Provided data section start

definition tensor :: "('b \<Rightarrow> 'k::times) \<Rightarrow> ('b \<Rightarrow> 'k) \<Rightarrow> ('b \<times> 'b \<Rightarrow> 'k)" where
  "tensor u w = (\<lambda>(x, y). u x * w y)"

definition lin_span :: "('b \<Rightarrow> 'k::field) set \<Rightarrow> ('b \<Rightarrow> 'k) set" where
  "lin_span S = {f. \<exists>F c. finite F \<and> F \<subseteq> S \<and> f = (\<lambda>b. \<Sum>u\<in>F. c u * u b)}"

definition subspace_of :: "('b \<Rightarrow> 'k::field) set \<Rightarrow> bool" where
  "subspace_of V \<longleftrightarrow> (\<lambda>b. 0) \<in> V \<and> (\<forall>u\<in>V. \<forall>w\<in>V. (\<lambda>b. u b + w b) \<in> V) \<and> (\<forall>c. \<forall>u\<in>V. (\<lambda>b. c * u b) \<in> V)"

definition tensor_space :: "('b \<Rightarrow> 'k::field) set \<Rightarrow> ('b \<Rightarrow> 'k) set \<Rightarrow> ('b \<times> 'b \<Rightarrow> 'k) set" where
  "tensor_space U W = lin_span {tensor u w | u w. u \<in> U \<and> w \<in> W}"

definition comult_path :: "('a \<Rightarrow> 'v) \<Rightarrow> ('a \<Rightarrow> 'v) \<Rightarrow> ('v,'a) path \<Rightarrow> (('v,'a) path \<times> ('v,'a) path \<Rightarrow> 'k::field)" where
  "comult_path src tgt p = (\<lambda>(x, y). if concat_eq src tgt x y p then 1 else 0)"
lemma inj_on_W1_tight_start:
  "inj_on (\<lambda>(b, r). zeros_ones (Suc b) b @ r) (SIGMA b:{1..m div 2}. W1_zero_start (m - 2 * b))"
proof (rule inj_onI, clarify)
  fix b r b' r'
  assume "b \<in> {1..m div 2}" "b' \<in> {1..m div 2}" and eq: "zeros_ones (Suc b) b @ r = zeros_ones (Suc b') b' @ r'"
  then have "replicate (Suc b) False = replicate (Suc b') False"
    using takeWhile_Not_zeros_ones_append[of b "Suc b" r] takeWhile_Not_zeros_ones_append[of b' "Suc b'" r'] by simp
  then have "b = b'"
    by simp
  with eq show "b = b' \<and> r = r'"
    by simp
qed

lemma W1_zero_start_Suc_disjoint: "Cons False ` W1_zero_start m \<inter> W1_tight_start m = {}"
proof -
  have "False # v \<noteq> zeros_ones (Suc b) b @ r"
    if "v \<in> W1_zero_start m" "1 \<le> b" "r = [] \<or> \<not> hd r" for v b r
  proof
    assume "False # v = zeros_ones (Suc b) b @ r"
    then have "v = zeros_ones b b @ r"
      by (simp add: zeros_ones_def)
    then show False
      using that by (simp add: W1_zero_start_def W1_def one_decreasing_zeros_ones_append)
  qed
  then show ?thesis
    unfolding W1_tight_start_def W1_zero_start_def by fastforce
qed

lemma card_W1_zero_start_Suc:
  "card (W1_zero_start (Suc m)) = card (W1_zero_start m) + (\<Sum>b=1..m div 2. card (W1_zero_start (m - 2 * b)))"
proof -
  have "card (W1_tight_start m) = (\<Sum>b=1..m div 2. card (W1_zero_start (m - 2 * b)))"
    unfolding W1_tight_start_def
    by (subst card_image[OF inj_on_W1_tight_start]) (simp add: finite_W1_zero_start)
  moreover have "finite (W1_tight_start m)"
    by (simp add: W1_tight_start_def finite_W1_zero_start)
  ultimately show ?thesis
    unfolding W1_zero_start_Suc using W1_zero_start_Suc_disjoint
    by (simp add: card_Un_disjoint finite_W1_zero_start card_image)
qed

lemma sum_ones_W1_zero_start_Suc:
  "(\<Sum>w\<in>W1_zero_start (Suc m). ones_count w) = (\<Sum>w\<in>W1_zero_start m. ones_count w) +
     (\<Sum>b=1..m div 2. b * card (W1_zero_start (m - 2 * b)) + (\<Sum>w\<in>W1_zero_start (m - 2 * b). ones_count w))"
proof -
  have tight: "(\<Sum>w\<in>W1_tight_start m. ones_count w) = (\<Sum>b=1..m div 2.
      b * card (W1_zero_start (m - 2 * b)) + (\<Sum>w\<in>W1_zero_start (m - 2 * b). ones_count w))"
  proof -
    have "(\<Sum>w\<in>W1_tight_start m. ones_count w)
        = (\<Sum>(b, r)\<in>(SIGMA b:{1..m div 2}. W1_zero_start (m - 2 * b)). b + ones_count r)"
      unfolding W1_tight_start_def
      by (subst sum.reindex[OF inj_on_W1_tight_start]) (simp add: case_prod_unfold)
    then show ?thesis
      by (simp add: sum.Sigma[symmetric] finite_W1_zero_start sum.distrib mult.commute)
  qed
  have "finite (W1_tight_start m)"
    by (simp add: W1_tight_start_def finite_W1_zero_start)
  then show ?thesis
    unfolding W1_zero_start_Suc using W1_zero_start_Suc_disjoint
    by (simp add: sum.union_disjoint finite_W1_zero_start sum_ones_count_image_Cons tight)
qed

lemma card_W1_zero_start_Suc_Suc_Suc:
  "card (W1_zero_start (Suc (Suc (Suc m)))) = card (W1_zero_start (Suc (Suc m))) + card (W1_zero_start (Suc m))"
proof -
  let ?c = "\<lambda>k. card (W1_zero_start k)"
  have "?c (Suc (Suc (Suc m))) = ?c (Suc (Suc m)) + (?c m + (\<Sum>b=1..m div 2. ?c (m - 2 * b)))"
    using card_W1_zero_start_Suc[of "Suc (Suc m)"] sum_div2_Suc_Suc[of "\<lambda>b k. ?c k" m] by simp
  then show ?thesis
    using card_W1_zero_start_Suc[of m] by simp
qed

lemma sum_ones_W1_zero_start_Suc_Suc_Suc:
  "(\<Sum>w\<in>W1_zero_start (Suc (Suc (Suc m))). ones_count w) = (\<Sum>w\<in>W1_zero_start (Suc (Suc m)). ones_count w)
     + (\<Sum>w\<in>W1_zero_start (Suc m). ones_count w) + card (W1_zero_start (Suc m))"
proof -
  let ?c = "\<lambda>k. card (W1_zero_start k)" and ?s = "\<lambda>k. \<Sum>w\<in>W1_zero_start k. ones_count w"
  have "?s (Suc (Suc (Suc m))) = ?s (Suc (Suc m)) + (?c m + ?s m)
      + (\<Sum>b=1..m div 2. Suc b * ?c (m - 2 * b) + ?s (m - 2 * b))"
    using sum_ones_W1_zero_start_Suc[of "Suc (Suc m)"] sum_div2_Suc_Suc[of "\<lambda>b k. b * ?c k + ?s k" m]
    by simp
  also have "\<dots> = ?s (Suc (Suc m)) + (?c m + (\<Sum>b=1..m div 2. ?c (m - 2 * b)))
      + (?s m + (\<Sum>b=1..m div 2. b * ?c (m - 2 * b) + ?s (m - 2 * b)))"
    by (simp add: sum.distrib)
  finally show ?thesis
    using card_W1_zero_start_Suc[of m] sum_ones_W1_zero_start_Suc[of m] by simp
qed

lemma card_W1_zero_start: "card (W1_zero_start (Suc n)) = fib (Suc n)"
proof (induction n rule: fib.induct)
  case 1
  show ?case
    using card_W1_zero_start_Suc[of 0] by (simp add: W1_zero_start_0)
next
  case 2
  show ?case
    using card_W1_zero_start_Suc[of 1] card_W1_zero_start_Suc[of 0] by (simp add: W1_zero_start_0)
next
  case (3 n)
  then show ?case
    using card_W1_zero_start_Suc_Suc_Suc[of n] by simp
qed
(* Let $\mathbf b^{(1)}=(b_5^{-1},b_6^{-1},b_7^{-1},b_8^{-1},b_1^{-1},b_2^{-1},b_3^{-1},b_4^{-1})$. Then, as identities of formal series in $t$ whose coefficients are Laurent series in $\phi$, $$f^{0,+}(t,\phi;\Lambda,\mathbf b)\,f^{0,+}\!\Big(t,\frac1{t\phi};\frac1\Lambda,\mathbf b^{(1)}\Big)=t,\qquad g^{0,+}(t,\phi;\Lambda,\mathbf b)\,g^{0,+}\!\Big(t,\frac1{t\phi};\frac1\Lambda,\mathbf b^{(1)}\Big)=t,$$ where $f^{0,+}(t,\psi;\Lambda',\mathbf b')=\sum_{n\ge1}\sum_{i\le n}F^{0,+}_{n,i}(\Lambda',\mathbf b')\psi^it^n$ (similarly for $g^{0,+}$), and the substitution $\psi=1/(t\phi)$ is made termwise (the coefficient of each $t^m$ is then a Laurent series in $\phi$ with exponents $\le m-1$).
   Context: Parameters $\mathbf b=(b_1,\dots,b_8)\in(\mathbb C^* )^8$, $q=\frac{b_1b_2b_3b_4}{b_5b_6b_7b_8}$ (note $q(\mathbf b^{(1)})=q(\mathbf b)$). The equation $q$-$P(A_1)$ for $f=f(t)$, $g=g(t)$ is $$(gf-t^2)(g\bar f-qt^2)(g-b_5)(g-b_6)(g-b_7)(g-b_8)=(gf-1)(g\bar f-1)(g-b_1t)(g-b_2t)(g-b_3t)(g-b_4t),$$ $$(g\bar f-qt^2)(\bar g\bar f-q^2t^2)(\bar f-b_5^{-1})(\bar f-b_6^{-1})(\bar f-b_7^{-1})(\bar f-b_8^{-1})=(g\bar f-1)(\bar g\bar f-1)(\bar f-b_1^{-1}qt)(\bar f-b_2^{-1}qt)(\bar f-b_3^{-1}qt)(\bar f-b_4^{-1}qt).$$ Formal setting: $\Lambda,\phi$ are indeterminates, $\lambda=\Lambda^2/(b_1b_2b_3b_4)$; formal solutions are pairs $f=\sum_{n\ge1}\sum_{i\le n}F_{n,i}\phi^it^n$, $g=\sum_{n\ge1}\sum_{i\le n}G_{n,i}\phi^it^n$ with coefficients rational in $(\Lambda,\mathbf b)$ satisfying both equations identically under the shift $t\mapsto qt$, $\phi\mapsto\lambda\phi$, $\Lambda\mapsto\Lambda$. $(f^{0,+}(t,\phi;\Lambda,\mathbf b),g^{0,+}(t,\phi;\Lambda,\mathbf b))$ denotes the unique such solution with $F_{1,1}=1$, $G_{1,1}=\Lambda$, with coefficients $F^{0,+}_{n,i}(\Lambda,\mathbf b),G^{0,+}_{n,i}(\Lambda,\mathbf b)$. *)

theory Defs
  imports "HOL-Computational_Algebra.Formal_Power_Series" "HOL-Computational_Algebra.Formal_Laurent_Series"
begin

Provided data section end

Problem requirements: Show the lines from the data above that contain the string "distrib".

Finished exercise:
      by (simp add: sum.Sigma[symmetric] finite_W1_zero_start sum.distrib mult.commute)
    by (simp add: sum.distrib)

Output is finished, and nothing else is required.